= Paris–Terre Haute Line =

The Paris–Terre Haute Line was an interurban railway line in Indiana and Illinois. Parts of the service began in 1902 and the final connection of its two terminal cities of Terre Haute, Indiana, and Paris, Illinois, was completed in 1907. It operated until 1932.

==History==
The Stone-Webster syndicate of Boston, which owned the Terre Haute Electric Traction company, laid a track from Terre Haute to West Terre Haute (Macksville) during the night of December 1, 1902, immediately after the city council had granted a franchise to the company. The cause of the hasty action was a desire to forestall a rival group from the use of the streets for a different Terre Haute to Paris, Illinois, line. The line was extended to St. Mary's by 1905. On January 7, 1907, the Terre Haute & Western Railway company was incorporated in Illinois to build from Sandford, Indiana, to Paris, Illinois, a distance of 10.5 mi. The Terre Haute to Sanford section was built by the Terre Haute Traction & Light Company in the same year and began service in October. By the terms of a 999-year lease dated November 15, 1907, the Terre Haute Traction & Light Company agreed to operate the entire line from Terre Haute to Paris, pay all taxes, bond interest, preferred and common dividends, maintain property, and pay $500 annually for organization expenses. The line was actually operated by the Terre Haute, Indianapolis and Eastern Traction Company, which leased the Terre Haute Traction & Light Company.

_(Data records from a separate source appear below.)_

(* Let $T,C_1>0$ and let $\mu\in C([0,T],(0,\infty))$ satisfy $\Phi_h(\mu)\neq 0$. Then the Gâteaux derivatives below exist, and the following two statements are equivalent: (a) $\mathcal{G}(\mu)=C_1$ and there exists $\lambda\in\mathbb{R}$ such that for every $\delta\mu\in C([0,T],\mathbb{R})$, $\frac{\mathrm{d}}{\mathrm{d}\varepsilon}\Big|_{\varepsilon=0}\Big[\Phi(z_{\mu+\varepsilon\delta\mu}(T))+\lambda\,\mathcal{G}(\mu+\varepsilon\delta\mu)\Big]=0$ (the first-order necessary conditions for a stationary point of $\mu\mapsto\Phi(z_\mu(T))$ subject to $\mathcal{G}(\mu)=C_1$); (b) $\mathcal{G}(\mu)=C_1$ and there exists $\lambda_{\mathrm{ref}}\in\mathbb{R}$ such that for every $\delta\mu\in C([0,T],\mathbb{R})$, $\frac{\mathrm{d}}{\mathrm{d}\varepsilon}\Big|_{\varepsilon=0}\Big[\mathcal{I}(\mu+\varepsilon\delta\mu)+\lambda_{\mathrm{ref}}\,\mathcal{G}(\mu+\varepsilon\delta\mu)\Big]=0$ (the first-order necessary conditions for a stationary point of $\mathcal{I}$ subject to $\mathcal{G}(\mu)=C_1$). Moreover, the multipliers correspond via $\lambda_{\mathrm{ref}}=\lambda/\Phi_h(\mu)$.
   Context: Standing setup: $n,s\ge1$, $p\in\mathbb{R}^s$, $z_0\in\mathbb{R}^n$; $h:\mathbb{R}^n\times\mathbb{R}^s\to\mathbb{R}^n$ is continuously differentiable in its first argument and such that the autonomous initial value problem $\hat z'(\tau)=h(\hat z(\tau),p)$, $\hat z(0)=z_0$ has a unique solution $\hat z$ defined for all $\tau\in\mathbb{R}$. For $T>0$ and $\mu\in C([0,T],\mathbb{R})$, $z_\mu:[0,T]\to\mathbb{R}^n$ denotes the solution of $\dot z(t)=\mu(t)h(z(t),p)$, $z(0)=z_0$. $\Phi:\mathbb{R}^n\to\mathbb{R}$ is continuously differentiable, and $g:\mathbb{R}\to\mathbb{R}$ is continuously differentiable and positive. Define $\mathcal{G}(\mu):=\int_0^T g(\mu(t))\,\mathrm{d}t$, $\mathcal{I}(\mu):=\int_0^T\mu(t)\,\mathrm{d}t$, and $\Phi_h(\mu):=\nabla\Phi(z_\mu(T))\cdot h(z_\mu(T),p)$ (the Lie derivative of $\Phi$ along $h$ at the terminal state). *)

theory Defs
  imports "HOL-Analysis.Analysis"
begin

definition C1_map :: "('a::euclidean_space \<Rightarrow> 'b::euclidean_space) \<Rightarrow> bool" where
  "C1_map f \<longleftrightarrow> (\<exists>D :: 'a \<Rightarrow> ('a \<Rightarrow>\<^sub>L 'b).
      (\<forall>x. (f has_derivative blinfun_apply (D x)) (at x)) \<and> continuous_on UNIV D)"

definition solves_ivp ::
  "(real^'n \<Rightarrow> real^'s \<Rightarrow> real^'n) \<Rightarrow> real^'s \<Rightarrow> real^'n \<Rightarrow> real \<Rightarrow> (real \<Rightarrow> real)
    \<Rightarrow> (real \<Rightarrow> real^'n) \<Rightarrow> bool" where
  "solves_ivp h p z0 T mu z \<longleftrightarrow> z 0 = z0 \<and>
     (\<forall>t\<in>{0..T}. (z has_vector_derivative (mu t *\<^sub>R h (z t) p)) (at t within {0..T}))"

definition zT ::
  "(real^'n \<Rightarrow> real^'s \<Rightarrow> real^'n) \<Rightarrow> real^'s \<Rightarrow> real^'n \<Rightarrow> real \<Rightarrow> (real \<Rightarrow> real) \<Rightarrow> real^'n" where
  "zT h p z0 T mu = (THE v. \<exists>z. solves_ivp h p z0 T mu z \<and> z T = v)"

definition Gfun :: "(real \<Rightarrow> real) \<Rightarrow> real \<Rightarrow> (real \<Rightarrow> real) \<Rightarrow> real" where
  "Gfun g T mu = integral {0..T} (\<lambda>t. g (mu t))"

definition Ifun :: "real \<Rightarrow> (real \<Rightarrow> real) \<Rightarrow> real" where
  "Ifun T mu = integral {0..T} mu"

text \<open>Lie derivative nabla Phi(z_mu(T)) . h(z_mu(T),p); the directional
  (Frechet) derivative of Phi at x in direction v equals nabla Phi(x) . v.\<close>
definition Phi_h ::
  "(real^'n \<Rightarrow> real) \<Rightarrow> (real^'n \<Rightarrow> real^'s \<Rightarrow> real^'n) \<Rightarrow> real^'s \<Rightarrow> real^'n \<Rightarrow> real
     \<Rightarrow> (real \<Rightarrow> real) \<Rightarrow> real" where
  "Phi_h Phi h p z0 T mu =
     frechet_derivative Phi (at (zT h p z0 T mu)) (h (zT h p z0 T mu) p)"

end

theory Submission imports Defs begin
(* Let $s$ be a strong divisor of a local ring $R$ that is not a unit, and let $S:=R_s$, so that $R\subset S$ is Prüfer. Set $P:=\bigcap_{n\in\mathbb N}Rs^n$. Then $P$ is a prime ideal of $R$ such that the set $\{Q\in\mathrm{Spec}(R): Q\subseteq P\}$ is open in $\mathrm{Spec}(R)$ (in fact equal to $\mathrm D(s)$); moreover $S=R_P$, $PS=P$, $P$ is a divided prime ideal of $R$ (i.e. comparable under inclusion to every ideal of $R$), and $R/P$ is a valuation domain whose quotient field is $S/P$.
   Context: All rings are commutative with identity; "local" means having a unique maximal ideal. A strong divisor of a local ring $R$ is a regular element $t\in R$ such that $Rt$ is comparable under inclusion with every ideal of $R$. $\mathrm D(s)=\{Q\in\mathrm{Spec}(R): s\notin Q\}$. An extension $A\subseteq B$ is Prüfer if $A\subseteq C$ is a flat epimorphism for each intermediate ring $C$. *)

theory Defs
  imports Main
begin

text \<open>Commutative rings with identity are modelled by the type class comm_ring_1;
  the ring R is the whole type.\<close>

definition cr_ideal :: "'a::comm_ring_1 set \<Rightarrow> bool" where
  "cr_ideal I \<longleftrightarrow> 0 \<in> I \<and> (\<forall>x\<in>I. \<forall>y\<in>I. x + y \<in> I) \<and> (\<forall>r. \<forall>x\<in>I. r * x \<in> I)"

definition cr_prime_ideal :: "'a::comm_ring_1 set \<Rightarrow> bool" where
  "cr_prime_ideal P \<longleftrightarrow> cr_ideal P \<and> P \<noteq> UNIV \<and> (\<forall>x y. x * y \<in> P \<longrightarrow> x \<in> P \<or> y \<in> P)"

definition cr_maximal_ideal :: "'a::comm_ring_1 set \<Rightarrow> bool" where
  "cr_maximal_ideal M \<longleftrightarrow> cr_ideal M \<and> M \<noteq> UNIV \<and>
     (\<forall>I. cr_ideal I \<and> M \<subseteq> I \<longrightarrow> I = M \<or> I = UNIV)"

definition cr_local :: "'a::comm_ring_1 itself \<Rightarrow> bool" where
  "cr_local (_ :: 'a itself) \<longleftrightarrow> (\<exists>!M :: 'a set. cr_maximal_ideal M)"

definition cr_unit :: "'a::comm_ring_1 \<Rightarrow> bool" where
  "cr_unit x \<longleftrightarrow> (\<exists>y. x * y = 1)"

definition cr_regular :: "'a::comm_ring_1 \<Rightarrow> bool" where
  "cr_regular t \<longleftrightarrow> (\<forall>x. t * x = 0 \<longrightarrow> x = 0)"

definition principal :: "'a::comm_ring_1 \<Rightarrow> 'a set" where
  "principal t = range (\<lambda>r. r * t)"

definition strong_divisor :: "'a::comm_ring_1 \<Rightarrow> bool" where
  "strong_divisor t \<longleftrightarrow> cr_regular t \<and>
     (\<forall>I. cr_ideal I \<longrightarrow> principal t \<subseteq> I \<or> I \<subseteq> principal t)"

definition Spec :: "'a::comm_ring_1 set set" where
  "Spec = {Q. cr_prime_ideal Q}"

definition Dopen :: "'a::comm_ring_1 \<Rightarrow> 'a set set" where
  "Dopen s = {Q \<in> Spec. s \<notin> Q}"

definition zariski_open :: "'a::comm_ring_1 set set \<Rightarrow> bool" where
  "zariski_open U \<longleftrightarrow> (\<exists>I::'a set. U = {Q \<in> Spec. \<not> I \<subseteq> Q})"

definition divided_prime :: "'a::comm_ring_1 set \<Rightarrow> bool" where
  "divided_prime P \<longleftrightarrow> cr_prime_ideal P \<and> (\<forall>I. cr_ideal I \<longrightarrow> P \<subseteq> I \<or> I \<subseteq> P)"

definition cr_hom :: "('a::comm_ring_1 \<Rightarrow> 'b::comm_ring_1) \<Rightarrow> bool" where
  "cr_hom f \<longleftrightarrow> f 1 = 1 \<and> (\<forall>x y. f (x + y) = f x + f y) \<and> (\<forall>x y. f (x * y) = f x * f y)"

text \<open>phi : R \<rightarrow> S is (isomorphic to) the canonical map R \<rightarrow> T^{-1} R, for a multiplicative
  subset T (standard characterisation of the localization).\<close>
definition is_localization :: "'a::comm_ring_1 set \<Rightarrow> ('a \<Rightarrow> 'b::comm_ring_1) \<Rightarrow> bool" where
  "is_localization T phi \<longleftrightarrow> cr_hom phi \<and> (\<forall>t\<in>T. cr_unit (phi t)) \<and>
     (\<forall>y. \<exists>r. \<exists>t\<in>T. y * phi t = phi r) \<and>
     (\<forall>r. phi r = 0 \<longleftrightarrow> (\<exists>t\<in>T. t * r = 0))"

definition powers :: "'a::comm_ring_1 \<Rightarrow> 'a set" where
  "powers s = range (\<lambda>n. s ^ n)"

definition ideal_gen :: "'a::comm_ring_1 set \<Rightarrow> 'a set" where
  "ideal_gen A = \<Inter>{I. cr_ideal I \<and> A \<subseteq> I}"

text \<open>R/P valuation domain (P prime): for any x,y, one of their classes divides the other in R/P.\<close>
definition valuation_quotient :: "'a::comm_ring_1 set \<Rightarrow> bool" where
  "valuation_quotient P \<longleftrightarrow> cr_prime_ideal P \<and>
     (\<forall>x y. (\<exists>r. x - r * y \<in> P) \<or> (\<exists>r. y - r * x \<in> P))"

text \<open>Given phi : R \<rightarrow> S and an ideal J of S with phi^{-1}(J) = P, S/J is the quotient field of R/P:
  S/J is a field, R/P \<rightarrow> S/J is injective, and every class of S/J is a fraction of classes of R/P.\<close>
definition quotient_field_of :: "('a::comm_ring_1 \<Rightarrow> 'b::comm_ring_1) \<Rightarrow> 'a set \<Rightarrow> 'b set \<Rightarrow> bool" where
  "quotient_field_of phi P J \<longleftrightarrow> cr_ideal J \<and> J \<noteq> UNIV \<and>
     (\<forall>y. y \<notin> J \<longrightarrow> (\<exists>z. y * z - 1 \<in> J)) \<and>
     (\<forall>r. phi r \<in> J \<longleftrightarrow> r \<in> P) \<and>
     (\<forall>y. \<exists>a b. b \<notin> P \<and> y * phi b - phi a \<in> J)"

end

theory Submission
  imports Defs
begin

text \<open>Since \<open>s\<close> is a strong divisor, each element \<open>x\<close> either lies in every \<open>Rs\<^sup>n\<close> or divides
  some power \<open>s\<^sup>n\<close>. Hence \<open>P = \<Inter>\<^sub>n Rs\<^sup>n\<close> is the complement of the saturation of the powers
  of \<open>s\<close>: it is prime, localizing at \<open>R - P\<close> is the same as inverting \<open>s\<close>, a prime avoids \<open>P\<close>
  exactly when it contains \<open>s\<close>, and every ideal not inside \<open>P\<close> contains some \<open>s\<^sup>n\<close> and so
  all of \<open>P\<close>. Because \<open>s\<close> is regular, \<open>P = s\<^sup>n P\<close> for all \<open>n\<close>, which makes the image of \<open>P\<close>
  in \<open>R\<^sub>s\<close> an ideal.\<close>

lemma cr_idealD:
  assumes "cr_ideal I"
  shows cr_ideal_zero: "0 \<in> I"
    and cr_ideal_add: "x \<in> I \<Longrightarrow> y \<in> I \<Longrightarrow> x + y \<in> I"
    and cr_ideal_mult_left: "x \<in> I \<Longrightarrow> r * x \<in> I"
  using assms unfolding cr_ideal_def by auto

lemma cr_ideal_INT:
  assumes "\<And>n. cr_ideal (I n)"
  shows "cr_ideal (\<Inter>n. I n)"
  using assms cr_idealD unfolding cr_ideal_def by simp

lemma ideal_gen_cr_ideal: "cr_ideal I \<Longrightarrow> ideal_gen I = I"
  unfolding ideal_gen_def by blast

lemma principal_mem: "x \<in> principal t \<longleftrightarrow> (\<exists>r. x = r * t)"
  unfolding principal_def by auto

lemma principal_self: "t \<in> principal t"
  unfolding principal_mem by (rule exI[of _ 1]) simp

lemma cr_ideal_principal: "cr_ideal (principal t)"
  unfolding cr_ideal_def
proof (intro conjI ballI allI)
  show "0 \<in> principal t" unfolding principal_mem by (rule exI[of _ 0]) simp
next
  fix x y assume "x \<in> principal t" "y \<in> principal t"
  then obtain a b where "x = a * t" "y = b * t" unfolding principal_mem by blast
  then have "x + y = (a + b) * t" by (simp add: distrib_right)
  then show "x + y \<in> principal t" unfolding principal_mem by blast
next
  fix r x assume "x \<in> principal t"
  then obtain a where "x = a * t" unfolding principal_mem by blast
  then have "r * x = (r * a) * t" by (simp add: mult.assoc)
  then show "r * x \<in> principal t" unfolding principal_mem by blast
qed

lemma cr_regular_power:
  assumes "cr_regular s"
  shows "cr_regular (s ^ n)"
proof (induction n)
  case 0
  then show ?case by (simp add: cr_regular_def)
next
  case (Suc n)
  show ?case
    unfolding cr_regular_def
  proof (intro allI impI)
    fix x assume "s ^ Suc n * x = 0"
    then have "s * (s ^ n * x) = 0" by (simp add: mult.assoc)
    with assms have "s ^ n * x = 0" unfolding cr_regular_def by blast
    with Suc.IH show "x = 0" unfolding cr_regular_def by blast
  qed
qed

lemma cr_prime_ideal_power_mem:
  assumes "cr_prime_ideal Q" "x ^ n \<in> Q"
  shows "x \<in> Q"
  using assms(2)
proof (induction n)
  case 0
  then have "r \<in> Q" for r
    using assms(1) cr_ideal_mult_left[of Q 1 r] unfolding cr_prime_ideal_def by simp
  with assms(1) show ?case unfolding cr_prime_ideal_def by blast
next
  case (Suc n)
  with assms(1) show ?case unfolding cr_prime_ideal_def by auto
qed

lemma cr_homD:
  assumes "cr_hom phi"
  shows cr_hom_add: "phi (x + y) = phi x + phi y"
    and cr_hom_mult: "phi (x * y) = phi x * phi y"
  using assms unfolding cr_hom_def by simp_all

lemma cr_hom_zero: "cr_hom phi \<Longrightarrow> phi 0 = 0"
  using cr_hom_add[of phi 0 0] by simp

lemma cr_hom_diff: "cr_hom phi \<Longrightarrow> phi (a - b) = phi a - phi b"
  using cr_hom_add[of phi "a - b" b] by (simp add: eq_diff_eq)

lemma is_localization_inj:
  assumes "is_localization T phi" "\<And>t. t \<in> T \<Longrightarrow> cr_regular t"
  shows "inj phi"
proof (rule injI)
  fix a b assume "phi a = phi b"
  moreover have "cr_hom phi" using assms(1) unfolding is_localization_def by blast
  ultimately have "phi (a - b) = 0" by (simp add: cr_hom_diff)
  then obtain t where "t \<in> T" "t * (a - b) = 0"
    using assms(1) unfolding is_localization_def by blast
  with assms(2) have "a - b = 0" unfolding cr_regular_def by blast
  then show "a = b" by simp
qed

Concepts for a new line connecting Paris to the Illinois Traction System at Ridge Farm in 1928 would prove infeasible. The line was operated by the Indiana Railroad for a time after consolidation in 1931, but service was discontinued in January 1932.

==Infrastructure==
The line's electrical substation was located at Vermilion, Illinois. The nominal grade on the route was % except for a short segment at 2.5%. At fills, the track center line was offset by 2 ft to make space for easy maintenance of pole foundations. The line was fully grade-separated from steam railroads, crossing under the Vandalia Railroad and elevated over the Big Four tracks.

Significant freight interchange on the line was stymied by the city of Terre Haute, which did not allow freight traffic on its streets.